Ein solcher Flug war Feigheit, aber bis ich Widerstand gegen die Reize des Prinzen fand, konnte die Rückkehr mehr als nur mir schaden. Aus den großen Häusern kamen Gelächter, Musik und Gesprächsfetzen, die ich besonders scharf hören konnte, nicht wie Menschen, die vorbeikommen und im allgemeinen Trubel nicht einmal ein paar Worte erkennen können. Ein altmodischer, luxuriöser Umhang – ein Geschenk des Prinzen – flatterte heftig hinter meinem Rücken und verletzte manchmal Passanten, aber ich ging so schnell, dass ich in der Menge verschwand, bevor jemand Flüche nachher senden konnte. Es war notwendig, sich von den beheizten Häusern fernzuhalten, die durch ihre Nähe in Versuchung geführt wurden. Ich selbst habe nicht bemerkt, wie ich in den ärmsten Gegenden gelandet bin. Die schäbigen Wände von Häusern, zerbrochenen oder vernagelten Fenstern und Risse an den schäbigen Türen waren nicht so attraktiv wie die beleuchteten Weiten der zentralen Straßen. Hier herrschte eine erstaunliche Stille. Vor uns lagen verlassene Straßen. Nur manchmal stieß ich unterwegs auf eine Laterne mit nebligem oder zerbrochenem Glas. Sehr selten loderte in den Fenstern des zweiten Stocks unter dem undichten Dach eine Kerze schwach, oder man hörte eine Kinderstimme, die Märchen aus einem offenen Buch las. Rothbert sagte kein Wort darüber, dass in der Neuzeit das Leuchtfeuer der Bildung auch in den Slums zu finden ist. Landstreicher und Räuber waren viel häufiger. Die Außenbezirke der Stadt waren in keiner Weise mit dem Zentrum vergleichbar. Man hätte denken können, dass Armut und Krankheit neben dem unbeschwerten Spaß der Aristokraten nebeneinander existieren. Ich sprang über die Barrikade und ging durch ein verlassenes Gebiet, in dem Pest umherstreifte. Der Tod tanzte hier in allen Ecken und Winkeln, aber ich hatte keine Angst vor einer Krankheit.

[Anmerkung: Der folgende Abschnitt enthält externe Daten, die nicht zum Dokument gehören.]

text \<open>Exponent transport: x_{a_1}^{k_1}...x_{a_l}^{k_l} (a increasing) goes to
  x_{b_1}^{k_1}...x_{b_l}^{k_l}, b the increasing rearrangement of sigma(a_1),...,sigma(a_l).
  Position j of the result is nonzero iff j is in B = sigma(support), and then it carries
  the r-th entry of the composition, where r = number of elements of B below j.\<close>
definition transport :: "nat \<Rightarrow> (nat \<Rightarrow> nat) \<Rightarrow> nat list \<Rightarrow> nat list" where
  "transport n \<sigma> \<nu> =
     (let B = \<sigma> ` {i. i < n \<and> \<nu> ! i \<noteq> 0}
      in map (\<lambda>j. if j \<in> B then comp_of \<nu> ! card {j' \<in> B. j' < j} else 0) [0..<n])"

definition cK :: "nat \<Rightarrow> nat list \<Rightarrow> nat" where
  "cK m \<nu> = (if \<forall>k \<in> set (comp_of \<nu>). m dvd k then 0 else 1)"

definition qs_action :: "nat \<Rightarrow> nat \<Rightarrow> (nat \<Rightarrow> nat \<Rightarrow> complex) \<Rightarrow> (nat list \<Rightarrow> complex)
    \<Rightarrow> (nat list \<Rightarrow> complex)" where
  "qs_action n m g P = (\<lambda>\<mu>. \<Sum>\<nu> \<in> {\<nu>. P \<nu> \<noteq> 0}.
       if transport n (sigma_g n g) \<nu> = \<mu> then w_g n g ^ cK m \<nu> * P \<nu> else 0)"

text \<open>P(x_1,...,x_n) = Q(x_1^m,...,x_n^m), in terms of coefficients.\<close>
definition subst_pow :: "nat \<Rightarrow> nat \<Rightarrow> (nat list \<Rightarrow> complex) \<Rightarrow> (nat list \<Rightarrow> complex) \<Rightarrow> bool" where
  "subst_pow n m P Q \<longleftrightarrow>
     (\<forall>\<nu>. length \<nu> = n \<longrightarrow>
        P \<nu> = (if \<forall>k \<in> set \<nu>. m dvd k then Q (map (\<lambda>k. k div m) \<nu>) else 0))"

end

theory Submission
  imports Defs
begin

text \<open>If \<open>P\<close> is invariant, its coefficients are constant on exponent vectors with a common
  composition, since a permutation matrix moves \<open>x\<^sup>\<nu>\<close> to any \<open>x\<^sup>\<mu>\<close> with the same composition (take
  a permutation mapping the support of \<open>\<nu>\<close> onto that of \<open>\<mu>\<close>); and they vanish unless all exponents
  are divisible by \<open>m\<close>, since \<open>diag(\<zeta>,1,\<dots>,1)\<close>, \<open>\<zeta>\<close> a nontrivial \<open>m\<close>-th root of unity, fixes
  \<open>x\<^sup>\<nu>\<close> up to the factor \<open>\<zeta>\<close> whenever some exponent of \<open>\<nu>\<close> is not divisible by \<open>m\<close>. Conversely,
  every \<open>g \<in> G\<^sub>n\<^sub>,\<^sub>m\<close> permutes exponent vectors preserving compositions and acts without a scalar
  factor on monomials whose exponents are all divisible by \<open>m\<close>. The two conditions on \<open>P\<close> say
  precisely that \<open>P(x) = Q(x\<^sup>m)\<close> with \<open>Q\<close> quasi-symmetric.\<close>

subsection \<open>Supports and compositions\<close>

definition supp :: "nat \<Rightarrow> nat list \<Rightarrow> nat set" where
  "supp n \<nu> = {i. i < n \<and> \<nu> ! i \<noteq> 0}"
(* Let $m\ge2$, $k\ge2$. (1) For every irreducible $(\mathbf T,\sigma)\in\mathcal C(m)$, \[ km-|\mathbf T|+\frac{a(\sigma)}2\ge m . \] (2) If $(\mathbf T,\sigma)\in\mathcal C(m)$ is irreducible but not circle-like and $km-|\mathbf T|+\frac{a(\sigma)}2=m$, then the cycle decomposition of $\sigma$ contains at least one cycle of length at least $3$.
   Context: $[p]=\{1,\dots,p\}$. $S(m,k)$ is the set of equivalence classes (under permutations of $[km]$ applied entrywise; a representative fixed in each class) of $\mathbf T=(T_1,\dots,T_m)$, $T_i=(T_{i,1},\dots,T_{i,k})\in[km]^k$ with pairwise distinct entries; $\mathrm{Range}(\mathbf T)=\{T_{i,j}\}$, $|\mathbf T|=|\mathrm{Range}(\mathbf T)|$. For $\sigma$ a permutation of $\mathrm{Range}(\mathbf T)$, $a(\sigma)=\#\{q:\sigma(q)\ne q\}$. The $(\mathbf T,\sigma)$-graph has vertices $(i,j)$, $i\in[m],j\in[k]$; black edges $(i,j)$–$(i,j+1)$; solid red edges between distinct $(i,j),(i',j')$ with $T_{i,j}=T_{i',j'}$; dotted red edges between $(i,j),(i',j')$ with $T_{i,j}\ne T_{i',j'}$ and $\sigma(T_{i,j})=T_{i',j'}$ or $\sigma(T_{i',j'})=T_{i,j}$. $\mathcal C(m)$: pairs with $\mathbf T\in S(m,k)$ and connected graph. $T_{i,j}$ is a connection point if $\sigma(T_{i,j})\notin T_i$ or $T_{i,j}\in T_{i'}$ for some $i'\ne i$. $(\mathbf T,\sigma)$ is reducible if its graph is connected and there are $i,j$ with $T_{i,j}$ the only connection point in $T_i$ and $\sigma(x)=x$ for all entries $x\ne T_{i,j}$ of $T_i$; irreducible = connected and not reducible. An irreducible pair is circle-like if for each $i\in[m]$ there are exactly two distinct $i_1,i_2\in[k]$ such that each of $(i,i_1),(i,i_2)$ has exactly one red edge and that edge goes to some $(i',j')$ with $i'\ne i$, and all other vertices have no red edges. *)

theory Defs
  imports Complex_Main "HOL-Combinatorics.Permutations" "HOL-Combinatorics.Orbits"
begin

text \<open>A tuple T = (T_1,...,T_m), T_i = (T_{i,1},...,T_{i,k}) is encoded as a function
  T :: nat => nat => nat, with T i j = T_{i,j} for i in {1..m}, j in {1..k}.\<close>

definition is_tuple :: "nat \<Rightarrow> nat \<Rightarrow> (nat \<Rightarrow> nat \<Rightarrow> nat) \<Rightarrow> bool" where
  "is_tuple m k T \<longleftrightarrow>
     (\<forall>i\<in>{1..m}. \<forall>j\<in>{1..k}. T i j \<in> {1..k*m}) \<and>
     (\<forall>i\<in>{1..m}. inj_on (T i) {1..k})"

definition RangeT :: "nat \<Rightarrow> nat \<Rightarrow> (nat \<Rightarrow> nat \<Rightarrow> nat) \<Rightarrow> nat set" where
  "RangeT m k T = {T i j | i j. i \<in> {1..m} \<and> j \<in> {1..k}}"

definition row :: "nat \<Rightarrow> (nat \<Rightarrow> nat \<Rightarrow> nat) \<Rightarrow> nat \<Rightarrow> nat set" where
  "row k T i = T i ` {1..k}"

definition a_perm :: "nat set \<Rightarrow> (nat \<Rightarrow> nat) \<Rightarrow> nat" where
  "a_perm R \<sigma> = card {q \<in> R. \<sigma> q \<noteq> q}"

definition vertices :: "nat \<Rightarrow> nat \<Rightarrow> (nat \<times> nat) set" where
  "vertices m k = {1..m} \<times> {1..k}"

Ein solcher Rückgang war mir unbekannt. Im Land seines Vaters herrschten weder im Zentrum noch am Stadtrand Pest und Hunger. Die Räuber fanden früher oder später ihr Ende am Galgen, und hier streiften sie unter den Nasen der Wache eines Rudels unruhiger Banditen. Luxus glitzerte in den Wohnungen des Adels, etwas weiter hinter einer geschickt gefalteten Barrikade, und der Tod mit einer Sense ging über die getrocknete Erde. Es gab nur einen Trost, an einem solchen Ort würde Rothbert mich nicht suchen. Camille, sein treuer Bluthund, kommt auch nicht gern hierher, und Percy wird taktvoll auf meine Rückkehr in einer sichereren und aufgeräumteren Gegend warten.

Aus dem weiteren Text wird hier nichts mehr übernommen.